In a world shaped by constant change, fractured identities, and collective uncertainty, one question quietly persists: what does it really mean to be human? This is the starting point of Human Being Human, a major exhibition opening at The Private Museum, Singapore, in conjunction with Singapore Art Week 2026.
Running from 19 January to 26 April 2026, the exhibition offers an intimate yet expansive look at the human condition through more than two decades of collecting by medical professionals and long-time art patrons John and Cheryl Chia. What began as a personal journey has evolved into a public invitation to reflect on vulnerability, belonging, and the body as our most universal point of connection.
John and Cheryl Chia started collecting art around the year 2000, drawn initially to works by artists such as Iskandar Jalil and Chua Ek Kay. Over time, their curiosity grew into a sustained commitment to contemporary art, particularly practices rooted in Southeast Asia. Today, their collection spans approximately 500 works and reflects years of close engagement with artists, curators, and cultural discourse.
For Human Being Human, a selection from this deeply personal collection is brought into the public sphere, transforming private acts of looking and living with art into a shared experience. The exhibition positions collecting not as accumulation, but as a living practice shaped by time, encounters, and evolving understandings of self and society. As Cheryl Chia puts it, art is “an extension of our experiences, our thoughts, our ideas… it reflects the world we live in, here and now.” That sense of immediacy runs throughout the exhibition.
At its heart, Human Being Human is less concerned with art as object than art as condition. The works gathered here circle around the human body in states of emergence, pressure, fracture, endurance, and renewal. What results is a deeply physical exhibition, one that insists on the body as the primary site where history, politics, memory, and identity collide.
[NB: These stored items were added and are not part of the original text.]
lemma progressive_map:
  assumes "progressive G"
  shows "progressive H"
proof -
  interpret inv: pgraph_iso H G "inv_into (verts G) f" "inv_into (edges G) g"
    by (rule inverse)
  have surj: "y \<in> verts H \<Longrightarrow> \<exists>x \<in> verts G. y = f x" for y
    using bij_verts by (auto simp: bij_betw_def)
  have "acyclic {(src H e, tgt H e) | e. e \<in> edges H}"
  proof (rule acyclic_by_vertex_map[where G = G and h = "inv_into (verts G) f"])
    show "acyclic {(src G e, tgt G e) | e. e \<in> edges G}"
      using assms by (simp add: progressive_def)
    fix e assume "e \<in> edges H"
    then show "\<exists>e' \<in> edges G. inv_into (verts G) f (src H e) = src G e' \<and>
                                inv_into (verts G) f (tgt H e) = tgt G e'"
      by (intro bexI[of _ "inv_into (edges G) g e"])
         (simp_all add: inv.src_map inv.tgt_map bij_betw_apply[OF inv.bij_edges])
  qed
  moreover have "finite (verts H)" "finite (edges H)"
    using assms bij_verts bij_edges by (auto simp: progressive_def bij_betw_finite)
  moreover have "deg H y = 1" if "is_source H y \<or> is_sink H y" for y
    using that surj[of y] assms deg_map by (fastforce simp: progressive_def is_source_def is_sink_def)
  ultimately show ?thesis
    using inv.incident by (auto simp: progressive_def)
qed

lemma planar_order_map:
  assumes "planar_order G" and "ord H \<subseteq> edges H \<times> edges H"
  shows "planar_order H"
proof -
  interpret inv: pgraph_iso H G "inv_into (verts G) f" "inv_into (edges G) g"
    by (rule inverse)
  have g_inv: "g (inv_into (edges G) g e) = e" if "e \<in> edges H" for e
    using bij_edges that by (simp add: bij_betw_inv_into_right)
  show ?thesis
  proof (rule planar_order_pullback[where h = "inv_into (edges G) g"])
    show "inj_on (inv_into (edges G) g) (edges H)" "inv_into (edges G) g ` edges H \<subseteq> edges G"
      using inv.bij_edges by (auto simp: bij_betw_def)
    fix a b assume "a \<in> edges H" "b \<in> edges H"
    then show "(a, b) \<in> ord H \<longleftrightarrow> (inv_into (edges G) g a, inv_into (edges G) g b) \<in> ord G"
      and "arrow H a b \<longleftrightarrow> arrow G (inv_into (edges G) g a) (inv_into (edges G) g b)"
      using inv.ord_map inv.arrow_map arrow_map g_inv by metis+
  qed (fact assms)+
qed

lemma pop_graph_map:
  assumes "pop_graph G" and "ord H \<subseteq> edges H \<times> edges H"
  shows "pop_graph H"
  using assms progressive_map planar_order_map by (simp add: pop_graph_def)

end
lemma eqQ_commut_anticommut_am:
  assumes "\<beta> \<noteq> 0"
  shows "eqQ \<beta> (commut (anticommut (am i) (ap i)) (am j)) (if i = j then 0 else sc (1 - 1 / \<beta>) * am j)"
proof -
  have "commut (anticommut (am i) (ap i)) (am j) = commut (am i * ap i) (am j) + commut (ap i * am i) (am j)"
    by (simp add: anticommut_def commut_add_left)
  also have "eqQ \<beta> \<dots> (am i * ap i * am j + - (am j * ap i * am i))"
    by (intro eqQ_add eqQ_commut_left_am eqQ_commut_right_am)
  finally have commut_eq: "eqQ \<beta> (commut (anticommut (am i) (ap i)) (am j)) (am i * ap i * am j - am j * ap i * am i)"
    by simp
  show ?thesis
  proof (cases "i = j")
    case True
    then show ?thesis using commut_eq by simp
  next
    case False
    note commut_eq
    also have "am i * ap i * am j - am j * ap i * am i = (am i * ap i * am j + am j * ap j * am j)
        - sc (1 / \<beta>) * (sc \<beta> * (am j * ap i * am i + am j * ap j * am j))"
      using assms by (simp add: algebra_simps)
    also have "eqQ \<beta> \<dots> (am j - sc (1 / \<beta>) * am j)"
      using False by (intro eqQ_diff eqQ_mult eqQ_refl eqQ_unit_sum_mult_am eqQ_am_mult_unit_sum)
    also have "am j - sc (1 / \<beta>) * am j = sc (1 - 1 / \<beta>) * am j"
      by (simp add: sc_diff algebra_simps)
    finally show ?thesis using False by simp
  qed
qed

lemma eqQ_commut_anticommut_ap:
  assumes "\<beta> \<noteq> 0"
  shows "eqQ \<beta> (commut (anticommut (am i) (ap i)) (ap j)) (if i = j then 0 else - (sc (1 - 1 / \<beta>) * ap j))"
proof -
  have "commut (anticommut (am i) (ap i)) (ap j) = commut (am i * ap i) (ap j) + commut (ap i * am i) (ap j)"
    by (simp add: anticommut_def commut_add_left)
  also have "eqQ \<beta> \<dots> (- (ap j * am i * ap i) + ap i * am i * ap j)"
    by (intro eqQ_add eqQ_commut_left_ap eqQ_commut_right_ap)
  finally have commut_eq: "eqQ \<beta> (commut (anticommut (am i) (ap i)) (ap j)) (ap i * am i * ap j - ap j * am i * ap i)"
    by simp
  show ?thesis
  proof (cases "i = j")
    case True
    then show ?thesis using commut_eq by simp
  next
    case False
    note commut_eq
    also have "ap i * am i * ap j - ap j * am i * ap i = sc (1 / \<beta>) * (sc \<beta> * (ap i * am i * ap j + ap j * am j * ap j))
        - (ap j * am i * ap i + ap j * am j * ap j)"
      using assms by (simp add: algebra_simps)
    also have "eqQ \<beta> \<dots> (sc (1 / \<beta>) * ap j - ap j)"
      using False by (intro eqQ_diff eqQ_mult eqQ_refl eqQ_unit_sum_mult_ap eqQ_ap_mult_unit_sum)
    also have "sc (1 / \<beta>) * ap j - ap j = - (sc (1 - 1 / \<beta>) * ap j)"
      by (simp add: sc_diff algebra_simps)
    finally show ?thesis using False by simp
  qed
qed

lemma eqQ_Nop_anticommut:
  assumes "\<beta> \<noteq> 1"
  shows "eqQ \<beta> (Nop \<beta> i) (sc (if i = i1 then \<beta> / (\<beta> - 1) else 0)
    - sc (\<beta> / (\<beta> - 1)) * anticommut (am (swap_ix i)) (ap (swap_ix i)))"
proof (cases i)
  case i1
  define c where "c = \<beta> / (\<beta> - 1)"
  have "\<beta> * c = c + \<beta>"
    using assms by (simp add: c_def field_simps right_diff_distrib)
  then have sc_c_beta: "sc (\<beta> * c) = sc c + sc \<beta>"
    by (simp add: sc_add)
  have "Nop \<beta> i1 = sc c * (unit_sum \<beta> - (am i2 * ap i2 + sc \<beta> * (ap i2 * am i2))) + sc \<beta> * (ap i2 * am i2)"
    by (simp add: Nop_def unit_sum_def c_def[symmetric] algebra_simps)
  also have "eqQ \<beta> \<dots> (sc c * (1 - (am i2 * ap i2 + sc \<beta> * (ap i2 * am i2))) + sc \<beta> * (ap i2 * am i2))"
    by (intro eqQ_add eqQ_mult eqQ_diff eqQ_refl eqQ_unit_sum)
  also have "\<dots> = sc c - sc c * anticommut (am i2) (ap i2)"
    unfolding anticommut_def by (simp add: algebra_simps sc_c_beta)
  finally show ?thesis using i1 by (simp add: c_def)
qed (simp add: Nop_def anticommut_def)

lemma eqQ_commut_Nop_am:
  assumes "\<beta> \<noteq> 0" "\<beta> \<noteq> 1"
  shows "eqQ \<beta> (commut (Nop \<beta> i) (am j)) (- (if i = j then am j else 0))"
proof -
  define c where "c = \<beta> / (\<beta> - 1)"
  define a where "a = (if i = i1 then c else 0)"
  have c_inverse: "c * (1 - 1 / \<beta>) = 1"
    using assms by (simp add: c_def field_simps)
  have "eqQ \<beta> (commut (Nop \<beta> i) (am j))
      (commut (sc a - sc c * anticommut (am (swap_ix i)) (ap (swap_ix i))) (am j))"
    unfolding a_def c_def by (intro eqQ_commut eqQ_refl eqQ_Nop_anticommut assms)
  also have "\<dots> = - (sc c * commut (anticommut (am (swap_ix i)) (ap (swap_ix i))) (am j))"
    by (simp add: commut_diff_left commut_sc_mult_left)
  also have "eqQ \<beta> \<dots> (- (sc c * (if swap_ix i = j then 0 else sc (1 - 1 / \<beta>) * am j)))"
    by (intro eqQ_uminus eqQ_mult eqQ_refl eqQ_commut_anticommut_am assms)
  also have "\<dots> = - (if i = j then am j else 0)"
    using c_inverse by (cases i; cases j) simp_all
  finally show ?thesis .
qed

lemma eqQ_commut_Nop_ap:
  assumes "\<beta> \<noteq> 0" "\<beta> \<noteq> 1"
  shows "eqQ \<beta> (commut (Nop \<beta> i) (ap j)) (if i = j then ap j else 0)"
proof -
  define c where "c = \<beta> / (\<beta> - 1)"
  define a where "a = (if i = i1 then c else 0)"
  have c_inverse: "c * (1 - 1 / \<beta>) = 1"
    using assms by (simp add: c_def field_simps)
  have "eqQ \<beta> (commut (Nop \<beta> i) (ap j))
      (commut (sc a - sc c * anticommut (am (swap_ix i)) (ap (swap_ix i))) (ap j))"
    unfolding a_def c_def by (intro eqQ_commut eqQ_refl eqQ_Nop_anticommut assms)
  also have "\<dots> = - (sc c * commut (anticommut (am (swap_ix i)) (ap (swap_ix i))) (ap j))"
    by (simp add: commut_diff_left commut_sc_mult_left)
  also have "eqQ \<beta> \<dots> (- (sc c * (if swap_ix i = j then 0 else - (sc (1 - 1 / \<beta>) * ap j))))"
    by (intro eqQ_uminus eqQ_mult eqQ_refl eqQ_commut_anticommut_ap assms)
  also have "\<dots> = (if i = j then ap j else 0)"
    using c_inverse by (cases i; cases j) simp_all
  finally show ?thesis .
qed

lemma swap_ix_swap_ix [simp]: "swap_ix (swap_ix i) = i"
  by (cases i) auto

lemma swap_gen_swap_gen [simp]: "swap_gen (swap_gen g) = g"
  by (cases g) auto

lemma swap_word_swap_word [simp]: "swap_word (swap_word w) = w"
  by (cases w) (simp add: comp_def)

lemma swap_word_add: "swap_word (u + v) = swap_word u + swap_word v"
  by (cases u; cases v) simp

lemma swap_word_0 [simp]: "swap_word 0 = 0"
  by (simp add: zero_word_def)

lemma lookup_fswap: "Poly_Mapping.lookup (fswap p) v = Poly_Mapping.lookup p (swap_word v)"
proof -
  have "Poly_Mapping.lookup (fswap p) v =
      (\<Sum>u\<in>Poly_Mapping.keys p. if u = swap_word v then Poly_Mapping.lookup p u else 0)"
    unfolding fswap_def lookup_sum
    by (intro sum.cong refl) (auto simp: Poly_Mapping.lookup_single when_def)
  also have "\<dots> = Poly_Mapping.lookup p (swap_word v)"
    by (simp add: in_keys_iff)
  finally show ?thesis .
qed

lemma fswap_0 [simp]: "fswap 0 = 0"
  by (rule poly_mapping_eqI) (simp add: lookup_fswap)

lemma fswap_add: "fswap (p + q) = fswap p + fswap q"
  by (rule poly_mapping_eqI) (simp add: lookup_fswap lookup_add)

lemma fswap_diff: "fswap (p - q) = fswap p - fswap q"
  by (rule poly_mapping_eqI) (simp add: lookup_fswap lookup_minus)

lemma fswap_single: "fswap (Poly_Mapping.single u c) = Poly_Mapping.single (swap_word u) c"
  by (rule poly_mapping_eqI) (auto simp: lookup_fswap Poly_Mapping.lookup_single when_def)

lemma fswap_single_mult:
  "fswap (Poly_Mapping.single u c * q) = Poly_Mapping.single (swap_word u) c * fswap q"
proof (induction q rule: update_induct)
  case (update f k b)
  then show ?case
    by (simp add: poly_mapping_update_eq_add_single distrib_left fswap_add mult_single fswap_single swap_word_add)
qed simp
(* Let $(A,n_1,\ldots,n_r)$ be an excessively clusterizable A-configuration. Then there exist nonnegative integers $m_1,\ldots,m_r$ such that $m_i=0$ whenever $n_i=0$, $m_1+\cdots+m_r=|A|$, and $(A,m_1,\ldots,m_r)$ is a simply excessively clusterizable A-configuration.
   Context: Setting: $\Phi$ a simply laced root system of rank $r$ with positive roots $\Phi^+$, simple roots $\alpha_1,\ldots,\alpha_r$, scalar product normalized so $(\alpha,\alpha)=2$. $\mathrm{supp}\,v$ for $v=\sum a_j\alpha_j$ is $\{\alpha_j:a_j\ne0\}$. For $A\subseteq\Phi^+$ and $I\subseteq\{1,\ldots,r\}$, $R_I(A)$ is the set of $\alpha\in A$ whose support contains some $\alpha_j$, $j\in I$. An A-configuration is $(A,n_1,\ldots,n_r)$ with $A\subseteq\Phi^+$, $n_j\in\mathbb Z_{\ge0}$, $\sum n_j=|A|$. A set $A\subseteq\Phi^+$ is an $I$-cluster if: (1) coefficients of $\alpha_j$, $j\in I$, in elements of $A$ are $\le1$; (2) $(\alpha,\beta)\ne-1$ for distinct $\alpha,\beta\in A$; (3) if $\alpha,\beta\in A$, $(\alpha,\beta)=0$, then $\mathrm{supp}\,\alpha\cap\mathrm{supp}\,\beta$ contains no $\alpha_j$ with $j\in I$. With $I=\{j:n_j>0\}$, $(A,n)$ is excessive if $|R_I(A)|=\sum n_j$ and $|R_J(A)|>\sum_{j\in J}n_j$ for all nonempty $J\subsetneq I$; it is an excessive cluster if moreover $A$ is an $I$-cluster; it is a simple excessive cluster if it is an excessive cluster and $|I|=1$. Excessively clusterizable (recursively on $|A|$): $(\varnothing,0,\ldots,0)$ is; for $|A|>0$, $(A,n)$ is if there is nonempty $I$ with $n_j>0$ for $j\in I$ such that, with $k_j=n_j$ ($j\in I$), $k_j=0$ otherwise, $|R_I(A)|=\sum k_j$, $(R_I(A),k)$ is an excessive cluster and $(A\setminus R_I(A),n-k)$ is excessively clusterizable. Simply excessively clusterizable (recursively on $|A|$): $(\varnothing,0,\ldots,0)$ is; for $|A|>0$, $(A,n)$ is if there is an index $i$ with $n_i>0$ such that, with $k_i=n_i$ and $k_j=0$ for $j\ne i$, $|R_{\{i\}}(A)|=n_i$, $(R_{\{i\}}(A),k)$ is a simple excessive cluster, and $(A\setminus R_{\{i\}}(A),n-k)$ is simply excessively clusterizable. *)

theory Defs
  imports Complex_Main
begin

text \<open>Simply laced root system of rank r, given by its Cartan matrix C on indices 1..r
  (symmetric, diagonal 2, off-diagonal entries 0 or -1, positive definite).
  Elements of the root lattice are coefficient vectors w.r.t. the simple roots,
  i.e. functions nat => int (only indices 1..r matter).\<close>

definition simply_laced_cartan :: "nat \<Rightarrow> (nat \<Rightarrow> nat \<Rightarrow> int) \<Rightarrow> bool" where
  "simply_laced_cartan r C \<longleftrightarrow>
     (\<forall>i\<in>{1..r}. C i i = 2) \<and>
     (\<forall>i\<in>{1..r}. \<forall>j\<in>{1..r}. C i j = C j i) \<and>
     (\<forall>i\<in>{1..r}. \<forall>j\<in>{1..r}. i \<noteq> j \<longrightarrow> C i j \<in> {0, -1}) \<and>
     (\<forall>x :: nat \<Rightarrow> real. (\<exists>i\<in>{1..r}. x i \<noteq> 0) \<longrightarrow>
        (\<Sum>i\<in>{1..r}. \<Sum>j\<in>{1..r}. x i * of_int (C i j) * x j) > 0)"

definition ip :: "nat \<Rightarrow> (nat \<Rightarrow> nat \<Rightarrow> int) \<Rightarrow> (nat \<Rightarrow> int) \<Rightarrow> (nat \<Rightarrow> int) \<Rightarrow> int" where
  "ip r C u v = (\<Sum>i\<in>{1..r}. \<Sum>j\<in>{1..r}. u i * C i j * v j)"

definition simple_root :: "nat \<Rightarrow> nat \<Rightarrow> int" where
  "simple_root i = (\<lambda>j. if j = i then 1 else 0)"

definition refl :: "nat \<Rightarrow> (nat \<Rightarrow> nat \<Rightarrow> int) \<Rightarrow> nat \<Rightarrow> (nat \<Rightarrow> int) \<Rightarrow> (nat \<Rightarrow> int)" where
  "refl r C i v = (\<lambda>j. v j - ip r C v (simple_root i) * simple_root i j)"

inductive_set roots :: "nat \<Rightarrow> (nat \<Rightarrow> nat \<Rightarrow> int) \<Rightarrow> (nat \<Rightarrow> int) set"
  for r C where
  simple: "i \<in> {1..r} \<Longrightarrow> simple_root i \<in> roots r C"
| reflect: "v \<in> roots r C \<Longrightarrow> i \<in> {1..r} \<Longrightarrow> refl r C i v \<in> roots r C"

definition pos_roots :: "nat \<Rightarrow> (nat \<Rightarrow> nat \<Rightarrow> int) \<Rightarrow> (nat \<Rightarrow> int) set" where
  "pos_roots r C = {v \<in> roots r C. \<forall>j. v j \<ge> 0}"

definition supp :: "nat \<Rightarrow> (nat \<Rightarrow> int) \<Rightarrow> nat set" where
  "supp r v = {j \<in> {1..r}. v j \<noteq> 0}"

definition R :: "nat \<Rightarrow> nat set \<Rightarrow> (nat \<Rightarrow> int) set \<Rightarrow> (nat \<Rightarrow> int) set" where
  "R r I A = {\<alpha> \<in> A. \<exists>j\<in>I. j \<in> supp r \<alpha>}"

definition is_cluster :: "nat \<Rightarrow> (nat \<Rightarrow> nat \<Rightarrow> int) \<Rightarrow> nat set \<Rightarrow> (nat \<Rightarrow> int) set \<Rightarrow> bool" where
  "is_cluster r C I A \<longleftrightarrow>
     (\<forall>\<alpha>\<in>A. \<forall>j\<in>I. \<alpha> j \<le> 1) \<and>
     (\<forall>\<alpha>\<in>A. \<forall>\<beta>\<in>A. \<alpha> \<noteq> \<beta> \<longrightarrow> ip r C \<alpha> \<beta> \<noteq> -1) \<and>
     (\<forall>\<alpha>\<in>A. \<forall>\<beta>\<in>A. ip r C \<alpha> \<beta> = 0 \<longrightarrow> (\<forall>j\<in>I. j \<notin> supp r \<alpha> \<inter> supp r \<beta>))"

definition excessive :: "nat \<Rightarrow> (nat \<Rightarrow> int) set \<Rightarrow> (nat \<Rightarrow> nat) \<Rightarrow> bool" where
  "excessive r A n \<longleftrightarrow>
     (let I = {j\<in>{1..r}. n j > 0} in
       card (R r I A) = (\<Sum>j\<in>{1..r}. n j) \<and>
       (\<forall>J. J \<noteq> {} \<and> J \<subset> I \<longrightarrow> card (R r J A) > (\<Sum>j\<in>J. n j)))"

definition excessive_cluster :: "nat \<Rightarrow> (nat \<Rightarrow> nat \<Rightarrow> int) \<Rightarrow> (nat \<Rightarrow> int) set \<Rightarrow> (nat \<Rightarrow> nat) \<Rightarrow> bool" where
  "excessive_cluster r C A n \<longleftrightarrow>
     excessive r A n \<and> is_cluster r C {j\<in>{1..r}. n j > 0} A"

definition simple_excessive_cluster :: "nat \<Rightarrow> (nat \<Rightarrow> nat \<Rightarrow> int) \<Rightarrow> (nat \<Rightarrow> int) set \<Rightarrow> (nat \<Rightarrow> nat) \<Rightarrow> bool" where
  "simple_excessive_cluster r C A n \<longleftrightarrow>
     excessive_cluster r C A n \<and> card {j\<in>{1..r}. n j > 0} = 1"

inductive exc_clusterizable :: "nat \<Rightarrow> (nat \<Rightarrow> nat \<Rightarrow> int) \<Rightarrow> (nat \<Rightarrow> int) set \<Rightarrow> (nat \<Rightarrow> nat) \<Rightarrow> bool"
  for r C where
  empty: "(\<forall>j\<in>{1..r}. n j = 0) \<Longrightarrow> exc_clusterizable r C {} n"
| step: "\<lbrakk> A \<noteq> {}; I \<noteq> {}; I \<subseteq> {1..r}; \<forall>j\<in>I. n j > 0;
          k = (\<lambda>j. if j \<in> I then n j else 0);
          card (R r I A) = (\<Sum>j\<in>{1..r}. k j);
          excessive_cluster r C (R r I A) k;
          exc_clusterizable r C (A - R r I A) (\<lambda>j. n j - k j) \<rbrakk>
        \<Longrightarrow> exc_clusterizable r C A n"

inductive simply_exc_clusterizable :: "nat \<Rightarrow> (nat \<Rightarrow> nat \<Rightarrow> int) \<Rightarrow> (nat \<Rightarrow> int) set \<Rightarrow> (nat \<Rightarrow> nat) \<Rightarrow> bool"
  for r C where
  empty: "(\<forall>j\<in>{1..r}. n j = 0) \<Longrightarrow> simply_exc_clusterizable r C {} n"
| step: "\<lbrakk> A \<noteq> {}; i \<in> {1..r}; n i > 0;
          k = (\<lambda>j. if j = i then n i else 0);
          card (R r {i} A) = n i;
          simple_excessive_cluster r C (R r {i} A) k;
          simply_exc_clusterizable r C (A - R r {i} A) (\<lambda>j. n j - k j) \<rbrakk>
        \<Longrightarrow> simply_exc_clusterizable r C A n"

definition A_configuration :: "nat \<Rightarrow> (nat \<Rightarrow> nat \<Rightarrow> int) \<Rightarrow> (nat \<Rightarrow> int) set \<Rightarrow> (nat \<Rightarrow> nat) \<Rightarrow> bool" where
  "A_configuration r C A n \<longleftrightarrow> A \<subseteq> pos_roots r C \<and> (\<Sum>j\<in>{1..r}. n j) = card A"

end

theory Submission
  imports Defs
begin

text \<open>An \<open>I\<close>-cluster \<open>S\<close> all of whose roots meet \<open>I\<close>
  splits, index by index, into the sets \<open>R {i} S\<close>. Each is an \<open>{i}\<close>-cluster, and for a
  single index the excessiveness conditions on proper subsets are vacuous, so with
  multiplicity \<open>card (R {i} S)\<close> it is a simple excessive cluster. Peeling every piece of an
  excessive clusterization in this way gives a simple one whose multiplicities live on the
  indices used, hence where \<open>n i > 0\<close>; the identity \<open>\<Sum> m i = card A\<close> holds for every
  simple clusterization.\<close>

lemma is_cluster_mono: "is_cluster r C I S \<Longrightarrow> T \<subseteq> S \<Longrightarrow> J \<subseteq> I \<Longrightarrow> is_cluster r C J T"
  unfolding is_cluster_def by blast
John and Cheryl Chia’s background as medical professionals profoundly informs the exhibition. Curated by Tamares Goh together with Aaron Teo, Human Being Human returns repeatedly to the body, not as an abstract symbol, but as lived experience. In an age of global upheaval, the body emerges as the last common ground. The Chias’ collecting practice reveals a sensitivity to suffering that is never sensationalised, paired with an equal attentiveness to resilience. Rather than pursuing grand narratives or stylistic cohesion, the collection gravitates toward works that register the human condition at its most elemental: skin, breath, movement, weight, fatigue, repetition.
This attentiveness explains the prominence of works that carry traces of performance or bodily action. Many pieces are not pristine artefacts but remnants: photographs taken at the edge of action, objects compressed or marked by force, installations assembled from residue and memory. The body is rarely idealised here. Instead, it is exposed as vulnerable, imperfect, and persistently negotiating the world around it.
The exhibition itself is the result of a long gestation. Initial conversations began as early as 2019, allowing the curators time to revisit the collection slowly and with care. That duration matters. Rather than forcing coherence, the curatorial process allowed patterns to surface organically, revealing a collection deeply preoccupied with becoming rather than being.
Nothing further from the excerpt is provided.